▶ [LISTED ENTRIES]
[Start of section]

(* In the two-project discovery model described in the context, let $\mu_1=-\mu<0\le c\mu=\mu_2$ with $\mu>0$ and $c\in[0,1)$, and let $\sigma_1<\sigma_2$. Define $$c^*:=\frac{\rho\sigma_2}{\sigma_1+2\rho\sigma_2},\qquad c^{**}:=\frac{\sigma_2}{\rho\sigma_1+2\sigma_2}.$$ Then: 1. For any $c\in(c^*,c^{**})$ there exists $\underline{\mu}$ such that discovering project 1 is better than discovering project 2 for all $\mu>\underline{\mu}$. 2. For any $c\in(c^{**},1)$ there exists $\bar\mu$ such that discovering project 2 is better than discovering project 1 for all $\mu>\bar\mu$.
   Context: Model. There are two projects $i\in\{1,2\}$. The agent's values $v=(v_1,v_2)\in\mathbb{R}^2$ are drawn from a common prior that is bivariate normal with means $\mu_1,\mu_2$, standard deviations $\sigma_1,\sigma_2>0$ and correlation $\rho\in(0,1)$. The principal has weights $w_1,w_2\in[0,1]$ with $w_1+w_2=1$. Timing: (1) the principal chooses whether to publicly discover $v_1$, $v_2$, or neither; (2) the chosen value is publicly revealed and the agent forms a posterior by Bayes' rule; (3) knowing the revealed value, the principal proposes a subset $S\subseteq\{1,2\}$; (4) the agent approves iff $\sum_{i\in S}\mathbb{E}[v_i\mid\text{revealed information}]\ge 0$; (5) the principal receives $\sum_{i\in S}w_i$ if approved and $0$ otherwise. The principal chooses the proposal to maximize her payoff given the revealed information; "better" means strictly higher ex-ante expected payoff for the principal. *)

theory Defs
  imports "HOL-Probability.Probability"
begin

text \<open>Two-project discovery model. Projects are indexed by 1 and 2.
  Prior: bivariate normal with means m i, standard deviations s i, correlation rho.\<close>

text \<open>Posterior mean of v_i after the value v_j = x has been publicly revealed
  (Bayes' rule for the bivariate normal prior).\<close>
definition post_mean :: "(nat \<Rightarrow> real) \<Rightarrow> (nat \<Rightarrow> real) \<Rightarrow> real \<Rightarrow> nat \<Rightarrow> real \<Rightarrow> nat \<Rightarrow> real" where
  "post_mean m s rho j x i = (if i = j then x else m i + rho * s i / s j * (x - m j))"

definition approves :: "(nat \<Rightarrow> real) \<Rightarrow> nat set \<Rightarrow> bool" where
  "approves e S \<longleftrightarrow> (\<Sum>i\<in>S. e i) \<ge> 0"
section \<open>Running copies of an algorithm side by side\<close>

(* All copies share the random choice D: the union bound below does not need independence. *)
definition parallel_alg ::
  "('k \<Rightarrow> nat set) \<Rightarrow> ('k \<Rightarrow> nat \<Rightarrow> nat) \<Rightarrow> ('k \<Rightarrow> nat \<Rightarrow> nat) \<Rightarrow> 'k list \<Rightarrow> det_alg \<Rightarrow> det_alg" where
  "parallel_alg W f g ks D =
    \<lparr>init_st = pack_states (map (\<lambda>_. init_st D) ks),
     step_fn = (\<lambda>x s. pack_states (map2 (\<lambda>k st.
        if upd_edge x \<in> W k \<times> W k then step_fn D (rename_upd (map_prod (f k) (f k)) x) st else st)
        ks (unpack_states s))),
     out_fn = (\<lambda>s. \<Union>(k, st) \<in> set (zip ks (unpack_states s)). map_prod (g k) (g k) ` out_fn D st)\<rparr>"

lemma run_parallel_alg:
  "run (parallel_alg W f g ks D) \<sigma> = pack_states (map (\<lambda>k. run D (restrict_stream (W k) (f k) \<sigma>)) ks)"
proof -
  have "foldl (\<lambda>s x. step_fn (parallel_alg W f g ks D) x s) (pack_states (map h ks)) \<sigma> =
        pack_states (map (\<lambda>k. foldl (\<lambda>s x. step_fn D x s) (h k) (restrict_stream (W k) (f k) \<sigma>)) ks)"
    for h
  proof (induction \<sigma> arbitrary: h)
    case (Cons x \<sigma>)
    have "map2 F ks (map h ks) = map (\<lambda>k. F k (h k)) ks" for F :: "'a \<Rightarrow> bool list \<Rightarrow> bool list"
      by (induction ks) auto
    with Cons.IH show ?case
      by (auto simp: parallel_alg_def intro!: arg_cong[where f = pack_states])
  qed simp
  then show ?thesis
    unfolding run_def by (simp add: parallel_alg_def)
qed

lemma out_parallel_alg:
  "out_fn (parallel_alg W f g ks D) (run (parallel_alg W f g ks D) \<sigma>) =
     (\<Union>k\<in>set ks. map_prod (g k) (g k) ` out_fn D (run D (restrict_stream (W k) (f k) \<sigma>)))"
proof -
  have "zip ks (map h ks) = map (\<lambda>k. (k, h k)) ks" for h :: "'a \<Rightarrow> bool list"
    by (induction ks) auto
  then show ?thesis
    unfolding run_parallel_alg by (auto simp: parallel_alg_def)
qed

(* f must preserve the order, so that an edge (u, v) with u < v is renamed into edges m. *)
definition relabelling :: "nat set \<Rightarrow> nat \<Rightarrow> (nat \<Rightarrow> nat) \<Rightarrow> (nat \<Rightarrow> nat) \<Rightarrow> bool" where
  "relabelling W m f g \<longleftrightarrow> strict_mono_on W f \<and> f ` W \<subseteq> {..<m} \<and> (\<forall>u\<in>W. g (f u) = u)"

lemma is_spanner_UN_relabelled:
  assumes relab: "\<And>k. k \<in> set ks \<Longrightarrow> relabelling (W k) m (f k) (g k)"
    and cover: "\<And>u v. (u, v) \<in> G \<Longrightarrow> \<exists>k\<in>set ks. u \<in> W k \<and> v \<in> W k"
    and G: "G \<subseteq> edges n"
    and spanner: "\<And>k. k \<in> set ks \<Longrightarrow> is_spanner m (map_prod (f k) (f k) ` (G \<inter> W k \<times> W k)) (K k) t"
  shows "is_spanner n G (\<Union>k\<in>set ks. map_prod (g k) (g k) ` K k) t"
proof (rule is_spanner_if_edges_stretched)
  let ?K = "\<Union>k\<in>set ks. map_prod (g k) (g k) ` K k"
  show "?K \<subseteq> G"
  proof
    fix e assume "e \<in> ?K"
    then obtain k e' where k: "k \<in> set ks" "e' \<in> K k" "e = map_prod (g k) (g k) e'"
      by auto
    then obtain a b where "(a, b) \<in> G" "a \<in> W k" "b \<in> W k" "e' = (f k a, f k b)"
      using spanner[OF k(1)] unfolding is_spanner_def by auto
    then show "e \<in> G"
      using k relab unfolding relabelling_def by auto
  qed
  fix a b assume "adj G a b"
  then obtain k where k: "k \<in> set ks" "a \<in> W k" "b \<in> W k"
    using cover unfolding adj_def by blast
  have "a \<noteq> b"
    using \<open>adj G a b\<close> G by (auto simp: adj_def edges_def)
  have "strict_mono_on (W k) (f k)" "f k ` W k \<subseteq> {..<m}" "\<forall>u\<in>W k. g k (f k u) = u"
    using relab[OF k(1)] unfolding relabelling_def by auto
  with \<open>a \<noteq> b\<close> k have fk: "f k a \<noteq> f k b" "f k a < m" "f k b < m"
    by (metis strict_mono_on_imp_inj_on inj_on_contraD, blast+)
  have "adj (map_prod (f k) (f k) ` (G \<inter> W k \<times> W k)) (f k a) (f k b)"
    using \<open>adj G a b\<close> k by (auto simp: adj_def)
  then obtain q where q: "is_walk (K k) (f k a) (f k b) q" "real (length q - 1) \<le> t"
    using is_spanner_edgeE[OF spanner[OF k(1)] _ fk] by blast
  have "is_walk (map_prod (g k) (g k) ` K k) a b (map (g k) q)"
    using is_walk_map[OF q(1), of "g k"] \<open>\<forall>u\<in>W k. g k (f k u) = u\<close> k by simp
  then have "is_walk ?K a b (map (g k) q)"
    by (rule is_walk_mono) (use k(1) in auto)
  with q(2) show "\<exists>q. is_walk ?K a b q \<and> real (length q - 1) \<le> t"
    by (intro exI[of _ "map (g k) q"]) simp
qed

lemma space_le_parallel_alg:
  assumes space: "space_le A m s"
    and A': "A' n = map_pmf (parallel_alg W f g ks) (A m)"
    and relab: "\<And>k. k \<in> set ks \<Longrightarrow> relabelling (W k) m (f k) (g k)"
  shows "space_le A' n (real (length ks) * (2 * s + 1))"
  unfolding space_le_def
proof (intro ballI allI impI)
  fix D' \<sigma> assume "D' \<in> set_pmf (A' n)" "valid_stream n \<sigma>"
  then obtain D where D: "D \<in> set_pmf (A m)" "D' = parallel_alg W f g ks D"
    using A' by auto
  have "real (length (run D (restrict_stream (W k) (f k) \<sigma>))) \<le> s" if "k \<in> set ks" for k
    using space D(1) valid_stream_restrict_stream[OF _ _ \<open>valid_stream n \<sigma>\<close>] relab[OF that]
    unfolding space_le_def relabelling_def by blast
  then show "real (length (run D' \<sigma>)) \<le> real (length ks) * (2 * s + 1)"
    using length_pack_states_le[of "map (\<lambda>k. run D (restrict_stream (W k) (f k) \<sigma>)) ks" s]
    by (auto simp: D(2) run_parallel_alg)
qed

lemma is_spanner_parallel_alg:
  assumes relab: "\<And>k. k \<in> set ks \<Longrightarrow> relabelling (W k) m (f k) (g k)"
    and cover: "\<And>u v. (u, v) \<in> edges n \<Longrightarrow> \<exists>k\<in>set ks. u \<in> W k \<and> v \<in> W k"
    and valid: "valid_stream n \<sigma>"
    and spanner: "\<And>k. k \<in> set ks \<Longrightarrow> is_spanner m (final_graph (restrict_stream (W k) (f k) \<sigma>))
                     (out_fn D (run D (restrict_stream (W k) (f k) \<sigma>))) t"
  shows "is_spanner n (final_graph \<sigma>) (out_fn (parallel_alg W f g ks D) (run (parallel_alg W f g ks D) \<sigma>)) t"
  unfolding out_parallel_alg
proof (rule is_spanner_UN_relabelled[OF relab])
  show G: "final_graph \<sigma> \<subseteq> edges n"
    using valid by (rule final_graph_subset_edges)
  show "\<exists>k\<in>set ks. u \<in> W k \<and> v \<in> W k" if "(u, v) \<in> final_graph \<sigma>" for u v
    using cover G that by auto
  fix k assume "k \<in> set ks"
  then have "inj_on (f k) (W k)"
    using relab strict_mono_on_imp_inj_on unfolding relabelling_def by blast
  with spanner[OF \<open>k \<in> set ks\<close>]
  show "is_spanner m (map_prod (f k) (f k) ` (final_graph \<sigma> \<inter> W k \<times> W k))
          (out_fn D (run D (restrict_stream (W k) (f k) \<sigma>))) t"
    by (simp add: final_graph_restrict_stream)
qed

lemma fail_prob_nonneg: "0 \<le> fail_prob A n t \<sigma>"
  by (simp add: fail_prob_def)

lemma fail_prob_le_1: "fail_prob A n t \<sigma> \<le> 1"
  by (simp add: fail_prob_def)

[End of section]

▶ [TASK PROMPT] In the data above, find the line with "text \<open>Two-project discovery" and the line with "case (Cons x \<sigma>)". Retype both, plus every line between them, exactly.

▶ [RESULT FOR THIS EXERCISE]
text \<open>Two-project discovery model. Projects are indexed by 1 and 2.
  Prior: bivariate normal with means m i, standard deviations s i, correlation rho.\<close>

text \<open>Posterior mean of v_i after the value v_j = x has been publicly revealed
  (Bayes' rule for the bivariate normal prior).\<close>
definition post_mean :: "(nat \<Rightarrow> real) \<Rightarrow> (nat \<Rightarrow> real) \<Rightarrow> real \<Rightarrow> nat \<Rightarrow> real \<Rightarrow> nat \<Rightarrow> real" where
  "post_mean m s rho j x i = (if i = j then x else m i + rho * s i / s j * (x - m j))"

definition approves :: "(nat \<Rightarrow> real) \<Rightarrow> nat set \<Rightarrow> bool" where
  "approves e S \<longleftrightarrow> (\<Sum>i\<in>S. e i) \<ge> 0"
section \<open>Running copies of an algorithm side by side\<close>

(* All copies share the random choice D: the union bound below does not need independence. *)
definition parallel_alg ::
  "('k \<Rightarrow> nat set) \<Rightarrow> ('k \<Rightarrow> nat \<Rightarrow> nat) \<Rightarrow> ('k \<Rightarrow> nat \<Rightarrow> nat) \<Rightarrow> 'k list \<Rightarrow> det_alg \<Rightarrow> det_alg" where
  "parallel_alg W f g ks D =
    \<lparr>init_st = pack_states (map (\<lambda>_. init_st D) ks),
     step_fn = (\<lambda>x s. pack_states (map2 (\<lambda>k st.
        if upd_edge x \<in> W k \<times> W k then step_fn D (rename_upd (map_prod (f k) (f k)) x) st else st)
        ks (unpack_states s))),
     out_fn = (\<lambda>s. \<Union>(k, st) \<in> set (zip ks (unpack_states s)). map_prod (g k) (g k) ` out_fn D st)\<rparr>"

lemma run_parallel_alg:
  "run (parallel_alg W f g ks D) \<sigma> = pack_states (map (\<lambda>k. run D (restrict_stream (W k) (f k) \<sigma>)) ks)"
proof -
  have "foldl (\<lambda>s x. step_fn (parallel_alg W f g ks D) x s) (pack_states (map h ks)) \<sigma> =
        pack_states (map (\<lambda>k. foldl (\<lambda>s x. step_fn D x s) (h k) (restrict_stream (W k) (f k) \<sigma>)) ks)"
    for h
  proof (induction \<sigma> arbitrary: h)
    case (Cons x \<sigma>)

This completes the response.